◆ How to complete this task
If a line in the data contains "fixes", copy it out.

[Opening Excerpted data section]

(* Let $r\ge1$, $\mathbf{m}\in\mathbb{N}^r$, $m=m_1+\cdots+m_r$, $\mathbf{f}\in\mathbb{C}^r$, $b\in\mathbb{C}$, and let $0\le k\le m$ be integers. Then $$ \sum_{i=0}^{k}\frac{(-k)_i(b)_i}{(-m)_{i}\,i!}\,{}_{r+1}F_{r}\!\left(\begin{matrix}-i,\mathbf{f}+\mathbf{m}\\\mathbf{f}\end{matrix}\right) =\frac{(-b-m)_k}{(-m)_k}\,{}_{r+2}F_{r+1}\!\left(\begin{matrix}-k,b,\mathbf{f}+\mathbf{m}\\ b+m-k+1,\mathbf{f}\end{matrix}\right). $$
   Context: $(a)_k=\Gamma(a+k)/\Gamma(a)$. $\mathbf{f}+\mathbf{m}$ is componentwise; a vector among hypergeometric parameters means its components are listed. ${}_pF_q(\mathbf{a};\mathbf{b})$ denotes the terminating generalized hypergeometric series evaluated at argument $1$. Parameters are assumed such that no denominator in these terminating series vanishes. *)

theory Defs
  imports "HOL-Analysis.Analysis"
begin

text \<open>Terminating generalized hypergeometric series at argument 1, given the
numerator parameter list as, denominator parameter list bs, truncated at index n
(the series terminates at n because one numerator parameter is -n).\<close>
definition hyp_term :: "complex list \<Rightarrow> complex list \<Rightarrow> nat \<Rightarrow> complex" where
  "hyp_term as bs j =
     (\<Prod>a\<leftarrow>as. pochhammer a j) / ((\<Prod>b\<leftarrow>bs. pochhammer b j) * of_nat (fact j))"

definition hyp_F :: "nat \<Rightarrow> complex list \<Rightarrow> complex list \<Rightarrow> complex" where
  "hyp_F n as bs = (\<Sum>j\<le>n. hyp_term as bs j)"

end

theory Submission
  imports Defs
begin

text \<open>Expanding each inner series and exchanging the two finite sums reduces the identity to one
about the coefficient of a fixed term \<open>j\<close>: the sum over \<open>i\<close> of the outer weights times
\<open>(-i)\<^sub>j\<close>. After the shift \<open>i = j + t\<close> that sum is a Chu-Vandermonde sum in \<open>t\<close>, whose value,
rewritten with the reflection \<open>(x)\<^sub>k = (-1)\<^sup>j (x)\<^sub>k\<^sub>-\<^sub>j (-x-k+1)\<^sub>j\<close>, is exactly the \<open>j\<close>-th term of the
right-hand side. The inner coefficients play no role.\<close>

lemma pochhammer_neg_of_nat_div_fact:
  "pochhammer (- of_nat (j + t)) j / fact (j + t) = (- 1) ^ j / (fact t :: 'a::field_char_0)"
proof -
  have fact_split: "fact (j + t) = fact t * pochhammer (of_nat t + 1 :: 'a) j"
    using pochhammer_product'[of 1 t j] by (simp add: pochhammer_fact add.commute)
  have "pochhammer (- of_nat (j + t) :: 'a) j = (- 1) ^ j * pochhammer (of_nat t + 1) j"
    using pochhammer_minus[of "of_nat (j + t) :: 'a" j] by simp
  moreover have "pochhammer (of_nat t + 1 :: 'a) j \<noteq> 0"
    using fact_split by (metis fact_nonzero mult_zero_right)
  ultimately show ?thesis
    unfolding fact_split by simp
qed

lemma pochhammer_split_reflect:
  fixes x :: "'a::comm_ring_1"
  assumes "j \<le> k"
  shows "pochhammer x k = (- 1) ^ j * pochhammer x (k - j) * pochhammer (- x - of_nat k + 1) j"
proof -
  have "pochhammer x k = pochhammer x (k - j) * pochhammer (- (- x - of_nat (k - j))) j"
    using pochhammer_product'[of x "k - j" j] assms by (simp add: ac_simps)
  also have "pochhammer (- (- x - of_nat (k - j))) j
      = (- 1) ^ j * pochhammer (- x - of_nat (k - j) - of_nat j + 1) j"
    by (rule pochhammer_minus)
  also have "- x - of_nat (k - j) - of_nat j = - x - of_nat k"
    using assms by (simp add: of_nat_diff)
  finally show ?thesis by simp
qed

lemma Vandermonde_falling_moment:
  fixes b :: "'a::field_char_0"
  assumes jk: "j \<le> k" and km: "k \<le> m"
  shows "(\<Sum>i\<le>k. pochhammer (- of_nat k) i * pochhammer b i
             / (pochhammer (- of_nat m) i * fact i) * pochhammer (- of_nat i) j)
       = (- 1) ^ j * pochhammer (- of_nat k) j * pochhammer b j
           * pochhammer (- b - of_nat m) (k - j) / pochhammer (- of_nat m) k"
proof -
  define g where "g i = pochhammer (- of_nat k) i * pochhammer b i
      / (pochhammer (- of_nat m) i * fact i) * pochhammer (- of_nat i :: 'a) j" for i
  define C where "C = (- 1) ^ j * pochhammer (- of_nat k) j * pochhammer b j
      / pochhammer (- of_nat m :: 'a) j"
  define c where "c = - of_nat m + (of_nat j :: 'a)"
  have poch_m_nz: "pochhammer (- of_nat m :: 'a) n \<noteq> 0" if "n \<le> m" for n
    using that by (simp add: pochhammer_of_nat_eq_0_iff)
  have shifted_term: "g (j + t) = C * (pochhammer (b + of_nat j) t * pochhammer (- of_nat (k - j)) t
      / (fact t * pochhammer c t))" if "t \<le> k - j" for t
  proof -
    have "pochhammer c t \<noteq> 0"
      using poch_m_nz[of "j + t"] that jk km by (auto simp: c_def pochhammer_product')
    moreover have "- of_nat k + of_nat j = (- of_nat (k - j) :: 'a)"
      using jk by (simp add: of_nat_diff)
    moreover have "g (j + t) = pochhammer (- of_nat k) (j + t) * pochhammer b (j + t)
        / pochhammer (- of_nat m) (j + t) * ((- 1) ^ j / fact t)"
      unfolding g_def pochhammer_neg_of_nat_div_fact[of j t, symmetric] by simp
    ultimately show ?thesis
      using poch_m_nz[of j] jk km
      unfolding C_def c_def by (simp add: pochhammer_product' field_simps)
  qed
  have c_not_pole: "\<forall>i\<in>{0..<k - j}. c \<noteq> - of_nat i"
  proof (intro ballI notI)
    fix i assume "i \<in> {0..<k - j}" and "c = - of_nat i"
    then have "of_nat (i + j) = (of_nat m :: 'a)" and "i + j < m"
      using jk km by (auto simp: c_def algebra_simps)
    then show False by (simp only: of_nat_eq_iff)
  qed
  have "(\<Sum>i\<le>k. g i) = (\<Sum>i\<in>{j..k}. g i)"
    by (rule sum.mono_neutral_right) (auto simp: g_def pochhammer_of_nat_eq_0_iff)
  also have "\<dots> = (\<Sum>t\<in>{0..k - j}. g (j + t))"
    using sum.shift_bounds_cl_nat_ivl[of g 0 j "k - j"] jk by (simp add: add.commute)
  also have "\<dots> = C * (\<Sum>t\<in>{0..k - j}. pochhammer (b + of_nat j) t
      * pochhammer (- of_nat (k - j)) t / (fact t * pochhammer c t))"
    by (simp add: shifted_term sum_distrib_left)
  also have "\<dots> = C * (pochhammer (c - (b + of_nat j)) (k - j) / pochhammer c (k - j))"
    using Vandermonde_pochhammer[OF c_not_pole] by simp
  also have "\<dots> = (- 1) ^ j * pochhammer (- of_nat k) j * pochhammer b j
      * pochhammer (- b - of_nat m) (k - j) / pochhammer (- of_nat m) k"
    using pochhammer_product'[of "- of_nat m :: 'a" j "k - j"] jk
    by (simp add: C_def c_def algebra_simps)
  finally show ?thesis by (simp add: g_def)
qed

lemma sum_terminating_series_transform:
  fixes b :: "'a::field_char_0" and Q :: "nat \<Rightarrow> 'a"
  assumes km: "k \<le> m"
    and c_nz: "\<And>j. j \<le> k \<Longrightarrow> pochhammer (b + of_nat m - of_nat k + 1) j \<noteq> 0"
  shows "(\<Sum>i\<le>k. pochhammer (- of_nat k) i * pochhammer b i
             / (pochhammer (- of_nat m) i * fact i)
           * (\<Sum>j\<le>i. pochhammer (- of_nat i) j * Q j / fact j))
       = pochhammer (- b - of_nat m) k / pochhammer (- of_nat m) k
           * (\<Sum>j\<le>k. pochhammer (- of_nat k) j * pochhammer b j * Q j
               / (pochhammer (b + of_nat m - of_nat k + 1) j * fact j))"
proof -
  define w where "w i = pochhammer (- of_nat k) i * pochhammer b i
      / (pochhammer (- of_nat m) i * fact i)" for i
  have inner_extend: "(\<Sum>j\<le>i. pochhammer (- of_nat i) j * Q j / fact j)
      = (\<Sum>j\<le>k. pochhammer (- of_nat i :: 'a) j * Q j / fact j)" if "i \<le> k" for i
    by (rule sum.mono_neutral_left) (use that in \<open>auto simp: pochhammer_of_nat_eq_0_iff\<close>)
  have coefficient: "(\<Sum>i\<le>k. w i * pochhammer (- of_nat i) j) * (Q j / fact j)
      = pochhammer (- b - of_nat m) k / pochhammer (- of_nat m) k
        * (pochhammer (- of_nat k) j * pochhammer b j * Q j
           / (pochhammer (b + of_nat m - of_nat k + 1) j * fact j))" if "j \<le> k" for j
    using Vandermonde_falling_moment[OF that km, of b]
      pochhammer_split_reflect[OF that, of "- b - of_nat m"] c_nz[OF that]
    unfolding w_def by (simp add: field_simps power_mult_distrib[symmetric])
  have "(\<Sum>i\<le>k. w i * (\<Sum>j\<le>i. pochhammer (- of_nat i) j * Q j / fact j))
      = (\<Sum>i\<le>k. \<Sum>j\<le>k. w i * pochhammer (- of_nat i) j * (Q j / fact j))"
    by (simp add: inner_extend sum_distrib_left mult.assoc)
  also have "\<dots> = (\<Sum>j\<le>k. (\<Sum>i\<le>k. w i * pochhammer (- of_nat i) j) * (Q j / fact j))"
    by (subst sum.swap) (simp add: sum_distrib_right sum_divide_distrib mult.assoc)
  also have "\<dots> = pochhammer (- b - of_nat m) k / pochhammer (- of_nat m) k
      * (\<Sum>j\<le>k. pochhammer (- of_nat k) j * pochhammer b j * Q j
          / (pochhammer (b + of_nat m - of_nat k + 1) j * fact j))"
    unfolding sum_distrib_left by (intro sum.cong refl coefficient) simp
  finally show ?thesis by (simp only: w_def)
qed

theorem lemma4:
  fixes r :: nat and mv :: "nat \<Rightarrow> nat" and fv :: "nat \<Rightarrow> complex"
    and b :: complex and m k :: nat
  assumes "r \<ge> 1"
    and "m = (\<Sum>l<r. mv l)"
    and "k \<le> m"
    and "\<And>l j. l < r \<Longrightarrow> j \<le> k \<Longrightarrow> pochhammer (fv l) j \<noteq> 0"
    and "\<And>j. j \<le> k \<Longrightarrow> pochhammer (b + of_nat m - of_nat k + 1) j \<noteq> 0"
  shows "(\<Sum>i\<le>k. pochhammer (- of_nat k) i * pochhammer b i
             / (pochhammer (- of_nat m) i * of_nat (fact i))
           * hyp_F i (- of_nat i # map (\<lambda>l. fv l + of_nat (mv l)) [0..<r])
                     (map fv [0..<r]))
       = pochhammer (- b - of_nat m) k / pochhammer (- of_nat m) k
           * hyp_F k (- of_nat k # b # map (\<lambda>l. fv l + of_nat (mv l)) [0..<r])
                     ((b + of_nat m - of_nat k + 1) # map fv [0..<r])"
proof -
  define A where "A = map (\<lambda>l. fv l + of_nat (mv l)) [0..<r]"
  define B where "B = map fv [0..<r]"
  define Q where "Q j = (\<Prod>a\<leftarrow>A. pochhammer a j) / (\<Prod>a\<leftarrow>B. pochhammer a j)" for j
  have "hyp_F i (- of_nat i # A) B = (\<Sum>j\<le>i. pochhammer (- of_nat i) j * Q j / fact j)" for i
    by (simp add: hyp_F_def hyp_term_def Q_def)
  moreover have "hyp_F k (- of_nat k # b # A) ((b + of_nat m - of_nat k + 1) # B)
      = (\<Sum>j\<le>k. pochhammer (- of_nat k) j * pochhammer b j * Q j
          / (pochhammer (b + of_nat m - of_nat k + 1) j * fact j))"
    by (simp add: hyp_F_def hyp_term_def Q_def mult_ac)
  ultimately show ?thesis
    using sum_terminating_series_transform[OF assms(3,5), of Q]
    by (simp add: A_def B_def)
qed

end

[Closing Excerpted data section]

◆ Task solution
  fixes x :: "'a::comm_ring_1"
  fixes b :: "'a::field_char_0"
  fixes b :: "'a::field_char_0" and Q :: "nat \<Rightarrow> 'a"
  fixes r :: nat and mv :: "nat \<Rightarrow> nat" and fv :: "nat \<Rightarrow> complex"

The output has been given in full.